Иванко повернулся к родичам; остановился невидящим взглядом, словно говоря:
– Разве могла святая Русинка не принять чистую душу?..
Свет тряхнул головой, отгоняя тягостные воспоминания, идущие из детства, от рассказов доброй тетки Любаши. Теперь она лежала умиротворенная, без видимых ран, в окружении четырех уже взрослых дочерей и малолетних внуков.
Вот лежат молодые парни – друзья босоногого детства. По страшным ранам на их телах охотник видел, что они не стали безропотными жертвами для чернобородого и его подельников. Лежать бы Свету рядом, если бы…
Мысль его словно натолкнулась на глухую стену; она резко повернула в другом направлении: «Если бы он был в этот черный для рода день дома, может…". Он снова тряхнул тяжелой от горьких дум головой. Вспомнил слова учителя:
– Что толку жалеть о сделанном, и тем более о не содеянном, укоряя себя за ошибки. Нужно пойти и исправить их!
Охотник не мог вернуть к жизни сородичей, но отомстить за них, найти и покарать неведомого Узоха… Этому можно отдать и время и силы, и жизнь.
Свет не мог знать, что почти три дня воины, окружившие незаметно деревню, наблюдали за ней. Чернобородый хотел быть уверенным, что весь род на месте, что из возможных походов вернулись все охотники. Срок в три дня он установил для себя заранее, и был уверен, что весь род Ясеня, живущий своей, оторванной от остального мира жизнью, поляжет в битве в один день.
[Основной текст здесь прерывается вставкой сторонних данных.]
(* Let $F$ be an Archimedean vector lattice and $(f_{\alpha})_{\alpha\in A}\subset F_{+}$ a net. The following are equivalent: (i) $f_{\alpha}\xrightarrow{uo}0_{F}$; (ii) if $h\in F_{+}$ is such that $\bigvee_{\alpha\ge\alpha_{0}}h\wedge f_{\alpha}=h$ for every $\alpha_{0}\in A$, then $h=0_{F}$; (iii) for every $h>0_{F}$ there are $e\in(0_{F},h]$ and $\alpha_{0}$ such that $(f_{\alpha}-h)^{+}\perp e$ for every $\alpha\ge\alpha_{0}$. Moreover, if $F$ has the principal projection property, these conditions are equivalent to: (iv) for every $h>0_{F}$ there are a nonzero component $e$ of $h$ and $\alpha_{0}$ such that $P_{e}f_{\alpha}\le e$ for every $\alpha\ge\alpha_{0}$.
   Context: A net order converges to $f$ if there is $G$ with $\bigwedge G=0$ such that for each $g\in G$ the net is eventually in $[f-g,f+g]$; it uo-converges to $f$ if $|f_\alpha-f|\wedge g$ order converges to $0$ for every $g\ge0$. $x\perp y$ means $|x|\wedge|y|=0$. $F$ has the principal projection property (PPP) if for every $e\in F$ the band $\{e\}^{dd}$ is a projection band, i.e. $F=\{e\}^{dd}+\{e\}^{d}$; $P_e$ denotes the corresponding band projection onto $\{e\}^{dd}$. An element $e$ is a component of $h$ if $e\perp h-e$. *)

theory Defs
  imports Complex_Main "HOL-Library.Lattice_Algebras"
begin

text \<open>A (real) vector lattice: an ordered real vector space whose order is a lattice.
  Absolute value is |x| = x \<squnion> -x; the positive part is pprt x = x \<squnion> 0.\<close>
class vector_lattice = ordered_real_vector + lattice_ab_group_add_abs

definition archimedean_vl :: "'a::vector_lattice itself \<Rightarrow> bool" where
  "archimedean_vl _ \<longleftrightarrow>
     (\<forall>x y :: 'a. 0 \<le> x \<and> (\<forall>n::nat. real n *\<^sub>R x \<le> y) \<longrightarrow> x = 0)"

definition directed_index :: "'i::preorder itself \<Rightarrow> bool" where
  "directed_index _ \<longleftrightarrow> (\<forall>a b :: 'i. \<exists>c. a \<le> c \<and> b \<le> c)"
Выучивший по велению своего Повелителя, и с его дьявольской помощью, язык людей Ясеня, чернобородый вожак все таки допросил первую попавшуюся ему на глаза молодуху. И был неприятно поражен, узнав о молодом охотнике. Понимая, что ни ему самому, ни его людям в дебрях, которые Свет знал лучше собственной избы, охотника ему не поймать, он устроил засаду.
Чернобородый не стал выяснять; так и не узнал, почему охотника так долго не было дома. Так совпало, что его головорезы только свернули с Большой реки в двух лодках, выгребая против медленного течения Русинки, когда Свет уже вышел ранним утром из деревни. Он шел с Волком к самым истокам Русинки, к границам земель рода. Туда, где ровно шесть лет назад, на глазах Света погиб Иванко – его отец.
После смерти жены постаревший охотник появлялся в деревне лишь для того, чтобы принести добычу. Он оставлял добытого оленя, или связку свежих невыделанных шкур в доме брата и долго сидел, глядя на сына – единственное, что осталось ему от Светлены. Затем, попарившись и отмывшись до скрипа, и переночевав в своем осиротевшем доме, Иванко снова уходил в лес с Серой – хитрой охотницей. Это была полусобака, полуволчица; и она тоже избегала человеческого общества.
Так прошло шесть лет.
Свет, первоначально болезненный, вскоре окреп; он сделал без отца первый шаг, сказал первое слово. Мальчику было хорошо в большой и дружной семье Радогора. Любаша не отличала его от собственных детей, звала сыном. А если и смахивала когда слезу со щеки – только когда была уверена, что Свет не видит этого.